> _Saved entries_
===============
lemma dim_span_pair:
  fixes a b :: "'a::field ^ 'n"
  assumes "b \<noteq> 0" "a \<notin> vec.span {b}"
  shows "vec.dim (vec.span {a, b}) = 2"
proof -
  have "a \<noteq> b" using assms(2) vec.span_base by blast
  moreover have "vec.independent {a, b}"
    using assms by (simp add: vec.independent_insert)
  ultimately show ?thesis using vec.dim_span_eq_card_independent by fastforce
qed

lemma hyperplane_meets_affine_line:
  fixes a b :: "'a::field ^ 'n"
  assumes H: "vec.subspace H" "vec.dim H + 1 = CARD('n)" "a \<notin> H"
    and ab: "b \<noteq> 0" "a \<notin> vec.span {b}"
  obtains t where "t *s a + b \<in> H"
proof -
  have "vec.dim (H \<inter> vec.span {a, b}) \<noteq> 0"
    using dim_subspace_sum_Int[OF H(1) vec.subspace_span, of "{a, b}"]
      dim_le_CARD[of "subspace_sum H (vec.span {a, b})"] dim_span_pair[OF ab] H(2) by linarith
  then have "\<not> H \<inter> vec.span {a, b} \<subseteq> {0}" by (simp add: vec.dim_eq_0)
  then obtain h where h: "h \<in> H" "h \<in> vec.span {a, b}" "h \<noteq> 0" by blast
  then obtain s r where sr: "h = s *s a + r *s b" unfolding span_pair_eq by auto
  have "r \<noteq> 0"
  proof
    assume "r = 0"
    then have "s \<noteq> 0" "h = s *s a" using sr h(3) by auto
    then have "a = inverse s *s h" by simp
    then have "a \<in> H" using vec.subspace_scale[OF H(1) h(1)] by simp
    then show False using H(3) by simp
  qed
  then have "(s / r) *s a + b = inverse r *s h"
    unfolding sr by (simp add: vec.scale_right_distrib divide_inverse mult.commute)
  then have "(s / r) *s a + b \<in> H" using vec.subspace_scale[OF H(1) h(1)] by simp
  then show ?thesis by (rule that)
qed

lemma hyperplanes_through_avoiding_in_range:
  fixes P :: "('a::field ^ 'n) set"
  assumes P: "vec.subspace P" "vec.dim P + 2 = CARD('n)" and a: "a \<notin> P"
  obtains f :: "'a \<Rightarrow> ('a ^ 'n) set" where
    "\<And>H. vec.subspace H \<Longrightarrow> vec.dim H + 1 = CARD('n) \<Longrightarrow> P \<subseteq> H \<Longrightarrow> a \<notin> H \<Longrightarrow>
      H \<in> range f"
proof -
  define H0 where "H0 = subspace_sum P (vec.span {a})"
  have H0: "vec.subspace H0" "vec.dim H0 + 1 = CARD('n)"
    unfolding H0_def using subspace_subspace_sum[OF P(1)] dim_subspace_sum_span_singleton[OF P(1) a] P(2)
    by auto
  have "H0 \<noteq> UNIV"
  proof
    assume "H0 = UNIV"
    then have "vec.dim H0 = CARD('n)" by (simp add: vec.dim_UNIV card_cart_basis)
    then show False using H0(2) by simp
  qed
  then obtain b where b: "b \<notin> H0" by blast
  have "a \<in> H0" unfolding H0_def using subspace_sum_upper2[OF P(1)] vec.span_base by blast
  have "b \<noteq> 0" using b vec.subspace_0[OF H0(1)] by blast
  have "a \<notin> vec.span {b}"
  proof
    assume "a \<in> vec.span {b}"
    then obtain k where k: "a = k *s b" by (auto simp: vec.span_singleton)
    then have "k \<noteq> 0" using a vec.subspace_0[OF P(1)] by auto
    then have "b = inverse k *s a" using k by simp
    then show False using b vec.subspace_scale[OF H0(1) \<open>a \<in> H0\<close>] by simp
  qed
  define f where "f t = subspace_sum P (vec.span {t *s a + b})" for t
  have "H \<in> range f"
    if H: "vec.subspace H" "vec.dim H + 1 = CARD('n)" "P \<subseteq> H" "a \<notin> H" for H
  proof -
    obtain t where t: "t *s a + b \<in> H"
      using hyperplane_meets_affine_line[OF H(1,2,4) \<open>b \<noteq> 0\<close> \<open>a \<notin> vec.span {b}\<close>] .
    have "t *s a + b \<notin> P"
    proof
      assume "t *s a + b \<in> P"
      moreover have "b = (t *s a + b) + (- t) *s a" by simp
      moreover have "(- t) *s a \<in> vec.span {a}" unfolding vec.span_singleton by (rule rangeI)
      ultimately have "b \<in> H0" unfolding H0_def subspace_sum_def by blast
      then show False using b by simp
    qed
    then have "vec.dim (f t) = vec.dim H"
      unfolding f_def using dim_subspace_sum_span_singleton[OF P(1)] P(2) H(2) by simp
    moreover have "f t \<subseteq> H"
      unfolding f_def using subspace_sum_least[OF H(1) H(3)] t H(1) by (simp add: vec.span_minimal)
    ultimately have "f t = H"
      using vec.subspace_dim_equal[OF _ H(1)] subspace_subspace_sum[OF P(1) vec.subspace_span]
      unfolding f_def by simp
    then show ?thesis by (metis rangeI)
  qed
  then show ?thesis using that by blast
qed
===============
> _EXERCISE DETAILS_
If a line in the data above includes the string "rangeI", copy it.

> _SOLUTION_
      moreover have "(- t) *s a \<in> vec.span {a}" unfolding vec.span_singleton by (rule rangeI)
    then show ?thesis by (metis rangeI)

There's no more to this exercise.